By Paul Prince / RFID Journal
Oct. 25, 2005 - The U.S. State Department issued its final rules today
specifying its plans to issue electronic passports (e-passports) containing
RFID tags. The department says it intends to begin its e-passport program
in December. The first stage will be a pilot program in which e-passports
will be issued to government employees using official or diplomatic
passports for government travel. This pilot, the department says, will
permit field-testing prior to the first issuance to the American traveling
public, early next year. By October 2006, all U.S. passports, with the
exception of a small number of emergency passports issued by U.S. embassies
or consulates, will contain RFID tags.
The final rule incorporates amendments resulting from comments to a
proposed rule originally published in the Federal Register on Feb. 18. The
State Department says it received a total of 2,335 comments regarding its
proposal to introduce e-passports. The department categorized 98.5 percent
of the comments as negative, 1 percent as positive and 0.5 percent as
neutral. Regarding issues raised by those comments, the department says
2,019 expressed security and/or privacy concerns; 171 raised general
objections to the use of the data chip and/or RFID; 85 expressed general
objections to the use of electronic passports; 52 listed general technology
concerns; and 8 focused on religious issues.

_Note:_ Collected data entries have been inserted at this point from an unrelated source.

definition Btilde :: "nat \<Rightarrow> point \<Rightarrow> nat \<Rightarrow> nat \<Rightarrow> complex" where
  "Btilde K p i j = Bm p i j + (\<Sum>a<K. Psi p i a * Psibar p a j)"

text \<open>Pullback along pi_N of the coordinate T^{(n)}_{ab} of L^-GL_K:
  the coefficient of z^{-n-1} in 1 + psibar (z - Btilde/2)^{-1} psi, where
  (z - A)^{-1} = sum_{n>=0} A^n z^{-n-1}.  T^{(-1)}_{ab} = delta_{ab}; for
  n < -1 the coefficient is 0 (convention for the coefficient comparison).\<close>
definition Tpull :: "nat \<Rightarrow> nat \<Rightarrow> int \<Rightarrow> nat \<Rightarrow> nat \<Rightarrow> point \<Rightarrow> complex" where
  "Tpull N K n a b p =
     (if n < -1 then 0
      else if n = -1 then (if a = b then 1 else 0)
      else (\<Sum>i<N. \<Sum>j<N. Psibar p a i * mpow N (\<lambda>k l. Btilde K p k l / 2) (nat n) i j * Psi p j b))"

end

theory Submission
  imports Defs
begin

(* Put X = Btilde/2. The coefficient T^(n) of the pulled-back series is the moment psibar X^n psi,
   and T^(-1) is the identity. The entries of Btilde Poisson-commute, while X acts on psi and psibar
   by half the infinitesimal GL_N action. A bracket with a fixed function is a derivation, so the
   variation formula
     delta (U A^n V) = (delta U) A^n V + U A^n (delta V) + sum_{m<n} U A^m (delta A) A^(n-1-m) V
   gives first the brackets of moments with the generators and then the bracket of two moments:
   {T^(m-1)_ab, T^(n-1)_cd} is the coefficient of u^-m v^-n in
   (T_ad(v) T_cb(u) - T_ad(u) T_cb(v)) / (u - v).
   Multiplying by u - v telescopes these coefficients. *)

lemma mult_if_zero_left: "(if P then x else 0) * y = (if P then x * y else (0::'a::mult_zero))"
  and mult_if_zero_right: "y * (if P then x else 0) = (if P then y * x else (0::'a::mult_zero))"
  by simp_all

The comments are available for
review at the travel.state.gov section of the department's Web site.
The chip used in the e-passports will comply with the ISO 14443 RFID
specification and contain the same information as a passport's data page -
the passport holder's name, nationality, gender, date of birth, place of
birth and digitized photo. The chip will also contain the passport number,
issue date, expiration date and type of passport. The ISO 14443
specification permits chips to be read when an e-passport is placed within
approximately 10 centimeters of an RFID interrogator (reader).
Of all objections the department received regarding its plans, the
overwhelming majority expressed concern over the potential for skimming
and/or eavesdropping. Skimming is the act of creating an unauthorized
connection with an RFID tag in order to gain access to its data.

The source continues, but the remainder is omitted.